The results come after the company cut its annual earnings forecast in August and said it was planning significant investments to improve the shopping experience. Two months later, Dollar General ousted former CEO Jeff Owen after less than a year in the role and cut sales guidance for a second time, noting a need to “restore stability and confidence.” Owen was replaced by Vasos, who served as CEO from 2015 to 2022 and oversaw a doubling in annual revenue.
“Over the last several weeks, we have spent significant time reviewing all areas of the business, and we have identified key opportunities for improvement both in the near term and over the longer term,” Vasos said in a statement.

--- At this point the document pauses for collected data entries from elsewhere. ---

lemma integral_cis_translate:
  fixes g :: "'a::euclidean_space \<Rightarrow> complex"
  assumes "g \<in> borel_measurable borel"
  shows "(\<integral>\<xi>. cis (z \<bullet> \<xi>) * g (\<xi> + c) \<partial>lborel)
    = cis (- (z \<bullet> c)) * (\<integral>\<xi>. cis (z \<bullet> \<xi>) * g \<xi> \<partial>lborel)"
proof -
  let ?G = "\<lambda>\<zeta>. cis (z \<bullet> (\<zeta> - c)) * g \<zeta>"
  have G: "?G \<in> borel_measurable borel"
    by (rule borel_measurable_times[OF _ assms]) (intro borel_measurable_continuous_onI continuous_intros)
  have "(\<integral>\<xi>. cis (z \<bullet> \<xi>) * g (\<xi> + c) \<partial>lborel) = (\<integral>\<xi>. ?G (c + \<xi>) \<partial>lborel)"
    by (simp add: add.commute)
  also have "\<dots> = (\<integral>\<zeta>. ?G \<zeta> \<partial>distr lborel borel ((+) c))"
    using G by (intro integral_distr[symmetric]) auto
  also have "\<dots> = (\<integral>\<zeta>. cis (- (z \<bullet> c)) * (cis (z \<bullet> \<zeta>) * g \<zeta>) \<partial>lborel)"
  proof -
    have "cis (z \<bullet> (\<zeta> - c)) = cis (- (z \<bullet> c)) * cis (z \<bullet> \<zeta>)" for \<zeta>
      by (simp add: cis_mult inner_diff_right)
    then show ?thesis by (simp add: lborel_distr_plus mult.assoc)
  qed
  finally show ?thesis by simp
qed

lemma continuous_on_fdiff_line:
  fixes g :: "'a::real_normed_vector \<Rightarrow> 'b::real_normed_vector"
  assumes "continuous_on UNIV g"
  shows "continuous_on UNIV (\<lambda>\<xi>. fdiff h n (\<lambda>s. g (\<xi> + s *\<^sub>R v)) t)"
proof (induction n arbitrary: t)
  case 0
  have "continuous_on UNIV (\<lambda>\<xi>. \<xi> + t *\<^sub>R v)"
    by (intro continuous_intros)
  then show ?case by (auto intro: continuous_on_compose2[OF assms])
next
  case (Suc n)
  then show ?case by (auto intro!: continuous_intros)
qed
(* Let $Y\in\{0,1\}$, $Z$ and $S\in\mathbb R$ be random variables on a common probability space such that $Z\perp S\mid Y$, and suppose there exists $a\in\mathbb R$ with $\mathbb P(S\le a\mid Y=1)\neq\mathbb P(S\le a\mid Y=0)$. Then $S$ is a perfect surrogate: for any measurable function $g$ of $Z$, if $Z\perp S\mid g(Z)$, then $Z\perp Y\mid g(Z)$.
   Context: A surrogate variable $S$ for $Y$ is called perfect if for every measurable function $g$ of $Z$, $Z\perp S\mid g(Z)$ implies $Z\perp Y\mid g(Z)$. *)

theory Defs
  imports "HOL-Probability.Probability"
begin

definition cond_indep ::
  "'a measure \<Rightarrow> 'x measure \<Rightarrow> ('a \<Rightarrow> 'x) \<Rightarrow> 'v measure \<Rightarrow> ('a \<Rightarrow> 'v)
     \<Rightarrow> 'w measure \<Rightarrow> ('a \<Rightarrow> 'w) \<Rightarrow> bool" where
  "cond_indep M MX X MV V MW W \<longleftrightarrow>
     (\<forall>A\<in>sets MX. \<forall>B\<in>sets MV.
        AE \<omega> in M.
          real_cond_exp M (vimage_algebra (space M) W MW)
             (\<lambda>\<omega>. indicator (X -` A \<inter> space M) \<omega> * indicator (V -` B \<inter> space M) \<omega>) \<omega>
          = real_cond_exp M (vimage_algebra (space M) W MW)
               (indicator (X -` A \<inter> space M)) \<omega>
            * real_cond_exp M (vimage_algebra (space M) W MW)
               (indicator (V -` B \<inter> space M)) \<omega>)"

end

theory Submission
  imports Defs
begin

text \<open>Write \<open>q(Z) = P(Y = 1 | Z)\<close> and \<open>p\<^sub>y = P(S \<le> a | Y = y)\<close>. Since \<open>Z \<perp> S | Y\<close>,
  \<open>P(S \<le> a | Z) = p\<^sub>0 + (p\<^sub>1 - p\<^sub>0) q(Z)\<close>; since \<open>Z \<perp> S | g(Z)\<close>,
  \<open>P(S \<le> a | Z) = P(S \<le> a | g(Z))\<close>. As \<open>p\<^sub>1 \<noteq> p\<^sub>0\<close>, \<open>q(Z)\<close> is therefore a function of
  \<open>g(Z)\<close>, i.e. \<open>q(Z) = P(Y = 1 | g(Z))\<close>. For a binary \<open>Y\<close> this is exactly \<open>Z \<perp> Y | g(Z)\<close>,
  because conditional independence of \<open>Z\<close> and \<open>V\<close> given \<open>g(Z)\<close> amounts to
  \<open>P(V \<in> B | Z) = P(V \<in> B | g(Z))\<close> for all measurable \<open>B\<close>.\<close>

lemma subalgebra_vimage_algebra:
  assumes "W \<in> measurable M N"
  shows "subalgebra M (vimage_algebra (space M) W N)"
  using sets_image_in_sets[OF refl assms] by (simp add: subalgebra_def)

The shares rose 1.2% in New York trading at 9:48 a.m. Dollar General shares are down 46% from the start of the year through Wednesday’s close, compared with an 18% gain for the S&P 500 Index.
Adjusted earnings in the third quarter fell to $1.26 a share, better than analysts expected but the lowest in five years. Vasos cited a “significant headwind” from inventory shrink, the industry’s term for products lost to theft, damage or errors.
Same-store sales fell 1.3%, a second-straight decline and the steepest drop in two years.
While dollar stores across the US have been largely resilient as high inflation has consumers looking for deals, Dollar General has struggled with store safety, employee retention and merchandising in recent years. In the third quarter, competitor Dollar Tree reported an increase in comparable sales, suggesting that Dollar General’s woes are related to company-specific challenges rather than macroeconomic factors.